*** Material provided ***

lemma sym_clique_projection_inter_part:
  assumes "C \<subseteq> sym_verts n V" "\<pi> permutes {..n}" "j \<le> n"
  shows "(\<lambda>c. c \<pi>) ` C \<inter> V (\<pi> j) = (\<lambda>c. c \<pi>) ` (C \<inter> sym_part n V j)"
proof (intro equalityI subsetI)
  fix x assume "x \<in> (\<lambda>c. c \<pi>) ` C \<inter> V (\<pi> j)"
  then obtain c j' where c: "c \<in> C" "x = c \<pi>" "x \<in> V (\<pi> j)" "j' \<le> n" "c \<in> sym_part n V j'"
    using assms(1) by blast
  then have "\<pi> j' = \<pi> j"
    using part_unique sym_part_apply assms(2,3) permutes_atMost_le by metis
  then have "j' = j"
    using permutes_inj[OF assms(2)] by (simp add: inj_eq)
  then show "x \<in> (\<lambda>c. c \<pi>) ` (C \<inter> sym_part n V j)"
    using c by blast
qed (use assms(2) sym_part_apply in blast)

lemma sym_clique_projection_of_type:
  assumes "C \<subseteq> sym_verts n V" "is_clique (sym_edge n V E) C" "\<pi> permutes {..n}"
  shows "clique_of_type n V E (\<pi> ` sym_clique_type C) ((\<lambda>c. c \<pi>) ` C)"
  unfolding clique_of_type_def
proof (intro conjI ballI)
  show "(\<lambda>c. c \<pi>) ` C \<subseteq> verts n V"
  proof
    fix x assume "x \<in> (\<lambda>c. c \<pi>) ` C"
    then obtain c j where "x = c \<pi>" "j \<le> n" "c \<in> sym_part n V j"
      using assms(1) by blast
    moreover from this have "c \<pi> \<in> V (\<pi> j)" "\<pi> j \<le> n"
      using sym_part_apply[OF _ assms(3)] permutes_atMost_le[OF assms(3)] by auto
    ultimately show "x \<in> verts n V"
      unfolding verts_def by blast
  qed
  show "is_clique E ((\<lambda>c. c \<pi>) ` C)"
    using assms(2,3) sym_edge_apply unfolding is_clique_def by fastforce
next
  fix k assume "k \<in> \<pi> ` sym_clique_type C"
  then obtain j c where "k = \<pi> j" "j \<le> n" "c \<in> C" "c \<in> sym_part n V j"
    unfolding sym_clique_type_def by blast
  then show "card ((\<lambda>c. c \<pi>) ` C \<inter> V k) = 1"
    using sym_clique_projection_inter_part sym_clique_inter_sym_part assms by simp
next
  fix k assume k: "k \<in> {..n} - \<pi> ` sym_clique_type C"
  define j where "j = inv \<pi> k"
  have "\<pi> j = k"
    unfolding j_def using permutes_inverses(1)[OF assms(3)] .
  moreover have "j \<le> n"
    unfolding j_def using k permutes_atMost_le[OF permutes_inv[OF assms(3)]] by simp
  moreover have "j \<notin> sym_clique_type C"
    using k \<open>\<pi> j = k\<close> by blast
  ultimately show "(\<lambda>c. c \<pi>) ` C \<inter> V k = {}"
    using sym_clique_projection_inter_part[OF assms(1,3)] unfolding sym_clique_type_def by auto
qed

*** End of Material provided ***

Task statement: Please give again the lines above between the line holding "proof (intro conjI ballI)" and the line holding "unfolding j_def using k", inclusive, exactly as they are and with nothing added.

Result for this task:
proof (intro conjI ballI)
  show "(\<lambda>c. c \<pi>) ` C \<subseteq> verts n V"
  proof
    fix x assume "x \<in> (\<lambda>c. c \<pi>) ` C"
    then obtain c j where "x = c \<pi>" "j \<le> n" "c \<in> sym_part n V j"
      using assms(1) by blast
    moreover from this have "c \<pi> \<in> V (\<pi> j)" "\<pi> j \<le> n"
      using sym_part_apply[OF _ assms(3)] permutes_atMost_le[OF assms(3)] by auto
    ultimately show "x \<in> verts n V"
      unfolding verts_def by blast
  qed
  show "is_clique E ((\<lambda>c. c \<pi>) ` C)"
    using assms(2,3) sym_edge_apply unfolding is_clique_def by fastforce
next
  fix k assume "k \<in> \<pi> ` sym_clique_type C"
  then obtain j c where "k = \<pi> j" "j \<le> n" "c \<in> C" "c \<in> sym_part n V j"
    unfolding sym_clique_type_def by blast
  then show "card ((\<lambda>c. c \<pi>) ` C \<inter> V k) = 1"
    using sym_clique_projection_inter_part sym_clique_inter_sym_part assms by simp
next
  fix k assume k: "k \<in> {..n} - \<pi> ` sym_clique_type C"
  define j where "j = inv \<pi> k"
  have "\<pi> j = k"
    unfolding j_def using permutes_inverses(1)[OF assms(3)] .
  moreover have "j \<le> n"
    unfolding j_def using k permutes_atMost_le[OF permutes_inv[OF assms(3)]] by simp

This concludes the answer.